**Problem statement:**
Write out again, please, the records below from the first line to the line holding "by (simp add: a_def d_def", inclusive, and nothing else.

(Stored data entries)
lemma cocoercive_splitting_descent:
  fixes T1 T2 T3 S T :: "'a::real_inner \<Rightarrow> 'a" and x y :: 'a and \<rho> :: "'a \<Rightarrow> 'a \<Rightarrow> real"
  assumes c1: "cocoercive \<sigma>1 T1" and c2: "cocoercive \<sigma>2 T2" and c3: "cocoercive \<sigma>3 T3"
    and "\<eta> > 0" "\<nu> > 0" "\<delta> \<ge> 0"
    and S_def: "S = (\<lambda>x. - (\<nu> *\<^sub>R x) + lam *\<^sub>R T1 x - \<delta> *\<^sub>R T3 (T1 x))"
    and T_def: "T = (\<lambda>x. x - \<eta> *\<^sub>R T1 x + \<eta> *\<^sub>R T2 (S x))"
    and quadratic_bound: "\<And>v w. \<gamma> * (norm (v - w))\<^sup>2 + \<rho> v w
      \<le> \<nu> * \<sigma>1 * (norm v)\<^sup>2 - lam * inner v w + \<sigma>2 * (norm w)\<^sup>2"
    and \<eta>s: "\<eta>s = (2 * \<gamma> - \<delta> / (2 * \<sigma>3)) / \<nu>"
  defines "t1 \<equiv> T1 x - T1 y" and "t2 \<equiv> T2 (S x) - T2 (S y)" and "t3 \<equiv> T3 (T1 x) - T3 (T1 y)"
  shows "(norm (T x - T y))\<^sup>2 \<le> (norm (x - y))\<^sup>2
      - (\<eta>s / \<eta> - 1) * (norm ((x - T x) - (y - T y)))\<^sup>2
      - \<delta> / (2 * \<eta> * \<nu> * \<sigma>3) * (norm ((x - T x) - (y - T y) - (2 * \<eta> * \<sigma>3) *\<^sub>R t3))\<^sup>2
      - 2 * \<eta> / \<nu> * \<rho> t1 t2"
proof -
  define a d where "a = x - y" and "d = t1 - t2"
  have "\<sigma>3 > 0"
    using c3 by (rule cocoercive_pos)
  have residual: "(x - T x) - (y - T y) = \<eta> *\<^sub>R d"
    by (simp add: T_def d_def t1_def t2_def algebra_simps)
  then have T_diff: "T x - T y = a - \<eta> *\<^sub>R d"
    by (simp add: a_def algebra_simps)
  have weighted_cocoercivity: "\<gamma> * (norm d)\<^sup>2 + \<rho> t1 t2
      + \<delta> / (4 * \<sigma>3) * ((norm (d - (2 * \<sigma>3) *\<^sub>R t3))\<^sup>2 - (norm d)\<^sup>2) \<le> \<nu> * inner a d"
    using cocoercive_splitting_weighted_inequality[OF c1 c2 c3 _ \<open>\<delta> \<ge> 0\<close> S_def quadratic_bound,
        of x y] norm_sq_completing_square[of \<sigma>3 t3 d] \<open>\<nu> > 0\<close> \<open>\<sigma>3 > 0\<close>
    by (simp add: a_def d_def t1_def t2_def t3_def)
  have "(norm (a - \<eta> *\<^sub>R d))\<^sup>2 = (norm a)\<^sup>2 - 2 * \<eta> * inner a d + \<eta>\<^sup>2 * (norm d)\<^sup>2"
    unfolding power2_norm_eq_inner
    by (simp add: inner_diff_left inner_diff_right inner_commute[of d a] power2_eq_square algebra_simps)
  also have "\<dots> \<le> (norm a)\<^sup>2 - (\<eta>s / \<eta> - 1) * (\<eta>\<^sup>2 * (norm d)\<^sup>2)
      - \<delta> / (2 * \<eta> * \<nu> * \<sigma>3) * (\<eta>\<^sup>2 * (norm (d - (2 * \<sigma>3) *\<^sub>R t3))\<^sup>2)
      - 2 * \<eta> / \<nu> * \<rho> t1 t2" (is "?lhs \<le> ?rhs")
  proof -
    let ?m = "\<gamma> * (norm d)\<^sup>2 + \<rho> t1 t2
      + \<delta> / (4 * \<sigma>3) * ((norm (d - (2 * \<sigma>3) *\<^sub>R t3))\<^sup>2 - (norm d)\<^sup>2)"
    have "?rhs - ?lhs = 2 * \<eta> / \<nu> * (\<nu> * inner a d - ?m)"
      using \<open>\<eta> > 0\<close> \<open>\<nu> > 0\<close> \<open>\<sigma>3 > 0\<close> unfolding \<eta>s
      by (simp add: field_simps power2_eq_square)
    moreover have "2 * \<eta> / \<nu> * (\<nu> * inner a d - ?m) \<ge> 0"
      using weighted_cocoercivity \<open>\<eta> > 0\<close> \<open>\<nu> > 0\<close> by simp
    ultimately show ?thesis
      by linarith
  qed
  finally have "(norm (a - \<eta> *\<^sub>R d))\<^sup>2 \<le> ?rhs" .
  moreover have "(norm ((x - T x) - (y - T y)))\<^sup>2 = \<eta>\<^sup>2 * (norm d)\<^sup>2"
    by (simp add: residual power_mult_distrib)
  moreover have "(x - T x) - (y - T y) - (2 * \<eta> * \<sigma>3) *\<^sub>R t3 = \<eta> *\<^sub>R (d - (2 * \<sigma>3) *\<^sub>R t3)"
    unfolding residual by (simp add: algebra_simps)
  then have "(norm ((x - T x) - (y - T y) - (2 * \<eta> * \<sigma>3) *\<^sub>R t3))\<^sup>2
      = \<eta>\<^sup>2 * (norm (d - (2 * \<sigma>3) *\<^sub>R t3))\<^sup>2"
    by (simp add: power_mult_distrib)
  ultimately show ?thesis
    unfolding T_diff a_def by simp
qed

lemma cocoercive_splitting_conically_averaged:
  fixes T1 T2 T3 S T :: "'a::real_inner \<Rightarrow> 'a" and \<rho> :: "'a \<Rightarrow> 'a \<Rightarrow> real"
  assumes "cocoercive \<sigma>1 T1" "cocoercive \<sigma>2 T2" and c3: "cocoercive \<sigma>3 T3"
    and "\<eta> > 0" "\<nu> > 0" "\<delta> \<ge> 0"
    and "S = (\<lambda>x. - (\<nu> *\<^sub>R x) + lam *\<^sub>R T1 x - \<delta> *\<^sub>R T3 (T1 x))"
    and "T = (\<lambda>x. x - \<eta> *\<^sub>R T1 x + \<eta> *\<^sub>R T2 (S x))"
    and "\<And>v w. \<gamma> * (norm (v - w))\<^sup>2 + \<rho> v w
      \<le> \<nu> * \<sigma>1 * (norm v)\<^sup>2 - lam * inner v w + \<sigma>2 * (norm w)\<^sup>2"
    and \<rho>_nonneg: "\<And>v w. \<rho> v w \<ge> 0"
    and \<eta>s: "\<eta>s = (2 * \<gamma> - \<delta> / (2 * \<sigma>3)) / \<nu>" "\<eta>s > 0"
  shows "(\<forall>x y. (norm (T x - T y))\<^sup>2 \<le> (norm (x - y))\<^sup>2
      - (\<eta>s / \<eta> - 1) * (norm ((x - T x) - (y - T y)))\<^sup>2
      - \<delta> / (2 * \<eta> * \<nu> * \<sigma>3) *
          (norm ((x - T x) - (y - T y) - (2 * \<eta> * \<sigma>3) *\<^sub>R (T3 (T1 x) - T3 (T1 y))))\<^sup>2
      - 2 * \<eta> / \<nu> * \<rho> (T1 x - T1 y) (T2 (S x) - T2 (S y)))
    \<and> conically_averaged (\<eta> / \<eta>s) T"
proof -
  note descent = cocoercive_splitting_descent[OF assms(1-9) \<eta>s(1)]
  have "\<sigma>3 > 0"
    using c3 by (rule cocoercive_pos)
  have "conically_averaged (\<eta> / \<eta>s) T"
  proof (rule conically_averagedI)
    show "\<eta> / \<eta>s > 0"
      using \<open>\<eta> > 0\<close> \<open>\<eta>s > 0\<close> by simp
    fix x y
    have "\<delta> / (2 * \<eta> * \<nu> * \<sigma>3) *
          (norm ((x - T x) - (y - T y) - (2 * \<eta> * \<sigma>3) *\<^sub>R (T3 (T1 x) - T3 (T1 y))))\<^sup>2 \<ge> 0"
      using \<open>\<eta> > 0\<close> \<open>\<nu> > 0\<close> \<open>\<delta> \<ge> 0\<close> \<open>\<sigma>3 > 0\<close> by simp
    moreover have "2 * \<eta> / \<nu> * \<rho> (T1 x - T1 y) (T2 (S x) - T2 (S y)) \<ge> 0"
      using \<open>\<eta> > 0\<close> \<open>\<nu> > 0\<close> \<rho>_nonneg by simp
    ultimately show "(norm (T x - T y))\<^sup>2
      \<le> (norm (x - y))\<^sup>2 - (1 / (\<eta> / \<eta>s) - 1) * (norm ((x - T x) - (y - T y)))\<^sup>2"
      using descent[of x y] by simp
  qed
  with descent show ?thesis
    by blast
qed

lemma cocoercive_splitting_balanced:
  fixes T1 T2 T3 S T :: "'a::real_inner \<Rightarrow> 'a"
  assumes "cocoercive \<sigma>1 T1" "cocoercive \<sigma>2 T2" "cocoercive \<sigma>3 T3"
    and "\<eta> > 0" "\<nu> > 0" "\<delta> \<ge> 0"
    and "S = (\<lambda>x. - (\<nu> *\<^sub>R x) + lam *\<^sub>R T1 x - \<delta> *\<^sub>R T3 (T1 x))"
    and "T = (\<lambda>x. x - \<eta> *\<^sub>R T1 x + \<eta> *\<^sub>R T2 (S x))"
    and balanced: "lam = 2 * \<nu> * \<sigma>1" "lam = 2 * \<sigma>2"
    and \<eta>s: "\<eta>s = (1 / \<nu>) * (lam - \<delta> / (2 * \<sigma>3))" "\<eta>s > 0"
  shows "(\<forall>x y. (norm (T x - T y))\<^sup>2 \<le> (norm (x - y))\<^sup>2
      - (\<eta>s / \<eta> - 1) * (norm ((x - T x) - (y - T y)))\<^sup>2
      - \<delta> / (2 * \<eta> * \<nu> * \<sigma>3) *
          (norm ((x - T x) - (y - T y) - (2 * \<eta> * \<sigma>3) *\<^sub>R (T3 (T1 x) - T3 (T1 y))))\<^sup>2)
    \<and> conically_averaged (\<eta> / \<eta>s) T"
proof -
  have quadratic_bound: "lam / 2 * (norm (v - w))\<^sup>2 + 0
      \<le> \<nu> * \<sigma>1 * (norm v)\<^sup>2 - lam * inner v w + \<sigma>2 * (norm w)\<^sup>2" for v w :: 'a
    using quadratic_form_eq_of_balanced[of "\<nu> * \<sigma>1" lam \<sigma>2 v w] balanced by simp
  have "\<eta>s = (2 * (lam / 2) - \<delta> / (2 * \<sigma>3)) / \<nu>"
    using \<eta>s(1) by simp
  from cocoercive_splitting_conically_averaged[OF assms(1-8) quadratic_bound order_refl this \<eta>s(2)]
  show ?thesis
    unfolding mult_zero_right diff_0_right .
qed

lemma cocoercive_splitting_unbalanced:
  fixes T1 T2 T3 S T :: "'a::real_inner \<Rightarrow> 'a"
  assumes "cocoercive \<sigma>1 T1" "cocoercive \<sigma>2 T2" "cocoercive \<sigma>3 T3"
    and "\<eta> > 0" "\<nu> > 0" "\<delta> \<ge> 0"
    and "S = (\<lambda>x. - (\<nu> *\<^sub>R x) + lam *\<^sub>R T1 x - \<delta> *\<^sub>R T3 (T1 x))"
    and "T = (\<lambda>x. x - \<eta> *\<^sub>R T1 x + \<eta> *\<^sub>R T2 (S x))"
    and unbalanced: "lam < \<nu> * \<sigma>1 + \<sigma>2"
    and \<eta>s: "\<eta>s = (1 / \<nu>) * ((2 * \<nu> * \<sigma>1 - lam) * (2 * \<sigma>2 - lam) / (2 * (\<nu> * \<sigma>1 + \<sigma>2 - lam))
                + lam - \<delta> / (2 * \<sigma>3))" "\<eta>s > 0"
  shows "(\<forall>x y. (norm (T x - T y))\<^sup>2 \<le> (norm (x - y))\<^sup>2
      - (\<eta>s / \<eta> - 1) * (norm ((x - T x) - (y - T y)))\<^sup>2
      - \<delta> / (2 * \<eta> * \<nu> * \<sigma>3) *
          (norm ((x - T x) - (y - T y) - (2 * \<eta> * \<sigma>3) *\<^sub>R (T3 (T1 x) - T3 (T1 y))))\<^sup>2
      - \<eta> / (2 * \<nu> * (\<nu> * \<sigma>1 + \<sigma>2 - lam)) *
          (norm ((2 * \<nu> * \<sigma>1 - lam) *\<^sub>R (T1 x - T1 y) + (2 * \<sigma>2 - lam) *\<^sub>R (T2 (S x) - T2 (S y))))\<^sup>2)
    \<and> conically_averaged (\<eta> / \<eta>s) T"
proof -
  let ?k = "\<nu> * \<sigma>1 + \<sigma>2 - lam" and ?p = "2 * \<nu> * \<sigma>1 - lam" and ?q = "2 * \<sigma>2 - lam"
  have "?k > 0"
    using unbalanced by simp
  have quadratic_bound: "(lam / 2 + ?p * ?q / (4 * ?k)) * (norm (v - w))\<^sup>2
      + (norm (?p *\<^sub>R v + ?q *\<^sub>R w))\<^sup>2 / (4 * ?k)
      \<le> \<nu> * \<sigma>1 * (norm v)\<^sup>2 - lam * inner v w + \<sigma>2 * (norm w)\<^sup>2" for v w :: 'a
    using quadratic_form_decomposition[of "\<nu> * \<sigma>1" \<sigma>2 lam v w] \<open>?k > 0\<close>
    by (simp add: mult.assoc)
  have remainder_nonneg: "(norm (?p *\<^sub>R v + ?q *\<^sub>R w))\<^sup>2 / (4 * ?k) \<ge> 0" for v w :: 'a
    using \<open>?k > 0\<close> by simp
  have "1 / \<nu> * (r / (2 * k) + lam - c) = (2 * (lam / 2 + r / (4 * k)) - c) / \<nu>" for r k c
    by (simp add: divide_simps)
  then have "\<eta>s = (2 * (lam / 2 + ?p * ?q / (4 * ?k)) - \<delta> / (2 * \<sigma>3)) / \<nu>"
    unfolding \<eta>s(1) .
  moreover have coefficient: "2 * \<eta> / \<nu> * (r / (4 * k)) = \<eta> / (2 * \<nu> * k) * r" for r k
    by (simp add: divide_simps)
  ultimately show ?thesis
    using cocoercive_splitting_conically_averaged
      [OF assms(1-8) quadratic_bound remainder_nonneg _ \<eta>s(2)]
    unfolding coefficient by blast
qed

theorem proposition3p2:
  fixes T1 T2 T3 S T :: "'a::{real_inner, complete_space} \<Rightarrow> 'a"
    and \<sigma>1 \<sigma>2 \<sigma>3 \<eta> \<nu> lam \<delta> :: real
  assumes c1: "cocoercive \<sigma>1 T1" and c2: "cocoercive \<sigma>2 T2" and c3: "cocoercive \<sigma>3 T3"
    and pos: "\<eta> > 0" "\<nu> > 0" "lam > 0" "\<delta> > 0"
    and S_def: "S = (\<lambda>x. - (\<nu> *\<^sub>R x) + lam *\<^sub>R T1 x - \<delta> *\<^sub>R T3 (T1 x))"
    and T_def: "T = (\<lambda>x. x - \<eta> *\<^sub>R T1 x + \<eta> *\<^sub>R T2 (S x))"
  shows
   "(let \<eta>s = (1 / \<nu>) * (lam - \<delta> / (2 * \<sigma>3)) in
      (lam = 2 * \<nu> * \<sigma>1 \<and> lam = 2 * \<sigma>2 \<and> \<eta>s > 0) \<longrightarrow>
      ((\<forall>x y. (norm (T x - T y))\<^sup>2 \<le> (norm (x - y))\<^sup>2
          - (\<eta>s / \<eta> - 1) * (norm ((x - T x) - (y - T y)))\<^sup>2
          - \<delta> / (2 * \<eta> * \<nu> * \<sigma>3) *
              (norm ((x - T x) - (y - T y) - (2 * \<eta> * \<sigma>3) *\<^sub>R (T3 (T1 x) - T3 (T1 y))))\<^sup>2)
       \<and> conically_averaged (\<eta> / \<eta>s) T))
   \<and>
   (let \<eta>s = (1 / \<nu>) * ((2 * \<nu> * \<sigma>1 - lam) * (2 * \<sigma>2 - lam) / (2 * (\<nu> * \<sigma>1 + \<sigma>2 - lam))
                + lam - \<delta> / (2 * \<sigma>3)) in
      (lam < \<nu> * \<sigma>1 + \<sigma>2 \<and> \<eta>s > 0) \<longrightarrow>
      ((\<forall>x y. (norm (T x - T y))\<^sup>2 \<le> (norm (x - y))\<^sup>2
          - (\<eta>s / \<eta> - 1) * (norm ((x - T x) - (y - T y)))\<^sup>2
          - \<delta> / (2 * \<eta> * \<nu> * \<sigma>3) *
              (norm ((x - T x) - (y - T y) - (2 * \<eta> * \<sigma>3) *\<^sub>R (T3 (T1 x) - T3 (T1 y))))\<^sup>2
          - \<eta> / (2 * \<nu> * (\<nu> * \<sigma>1 + \<sigma>2 - lam)) *
              (norm ((2 * \<nu> * \<sigma>1 - lam) *\<^sub>R (T1 x - T1 y) + (2 * \<sigma>2 - lam) *\<^sub>R (T2 (S x) - T2 (S y))))\<^sup>2)
       \<and> conically_averaged (\<eta> / \<eta>s) T))"
proof -
  have "\<delta> \<ge> 0"
    using pos(4) by simp
  note hyps = c1 c2 c3 pos(1,2) this S_def T_def
  show ?thesis
    unfolding Let_def
    using cocoercive_splitting_balanced[OF hyps _ _ refl] cocoercive_splitting_unbalanced[OF hyps _ refl]
    by blast
qed

end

**Output for this task:**
lemma cocoercive_splitting_descent:
  fixes T1 T2 T3 S T :: "'a::real_inner \<Rightarrow> 'a" and x y :: 'a and \<rho> :: "'a \<Rightarrow> 'a \<Rightarrow> real"
  assumes c1: "cocoercive \<sigma>1 T1" and c2: "cocoercive \<sigma>2 T2" and c3: "cocoercive \<sigma>3 T3"
    and "\<eta> > 0" "\<nu> > 0" "\<delta> \<ge> 0"
    and S_def: "S = (\<lambda>x. - (\<nu> *\<^sub>R x) + lam *\<^sub>R T1 x - \<delta> *\<^sub>R T3 (T1 x))"
    and T_def: "T = (\<lambda>x. x - \<eta> *\<^sub>R T1 x + \<eta> *\<^sub>R T2 (S x))"
    and quadratic_bound: "\<And>v w. \<gamma> * (norm (v - w))\<^sup>2 + \<rho> v w
      \<le> \<nu> * \<sigma>1 * (norm v)\<^sup>2 - lam * inner v w + \<sigma>2 * (norm w)\<^sup>2"
    and \<eta>s: "\<eta>s = (2 * \<gamma> - \<delta> / (2 * \<sigma>3)) / \<nu>"
  defines "t1 \<equiv> T1 x - T1 y" and "t2 \<equiv> T2 (S x) - T2 (S y)" and "t3 \<equiv> T3 (T1 x) - T3 (T1 y)"
  shows "(norm (T x - T y))\<^sup>2 \<le> (norm (x - y))\<^sup>2
      - (\<eta>s / \<eta> - 1) * (norm ((x - T x) - (y - T y)))\<^sup>2
      - \<delta> / (2 * \<eta> * \<nu> * \<sigma>3) * (norm ((x - T x) - (y - T y) - (2 * \<eta> * \<sigma>3) *\<^sub>R t3))\<^sup>2
      - 2 * \<eta> / \<nu> * \<rho> t1 t2"
proof -
  define a d where "a = x - y" and "d = t1 - t2"
  have "\<sigma>3 > 0"
    using c3 by (rule cocoercive_pos)
  have residual: "(x - T x) - (y - T y) = \<eta> *\<^sub>R d"
    by (simp add: T_def d_def t1_def t2_def algebra_simps)
  then have T_diff: "T x - T y = a - \<eta> *\<^sub>R d"
    by (simp add: a_def algebra_simps)
  have weighted_cocoercivity: "\<gamma> * (norm d)\<^sup>2 + \<rho> t1 t2
      + \<delta> / (4 * \<sigma>3) * ((norm (d - (2 * \<sigma>3) *\<^sub>R t3))\<^sup>2 - (norm d)\<^sup>2) \<le> \<nu> * inner a d"
    using cocoercive_splitting_weighted_inequality[OF c1 c2 c3 _ \<open>\<delta> \<ge> 0\<close> S_def quadratic_bound,
        of x y] norm_sq_completing_square[of \<sigma>3 t3 d] \<open>\<nu> > 0\<close> \<open>\<sigma>3 > 0\<close>
    by (simp add: a_def d_def t1_def t2_def t3_def)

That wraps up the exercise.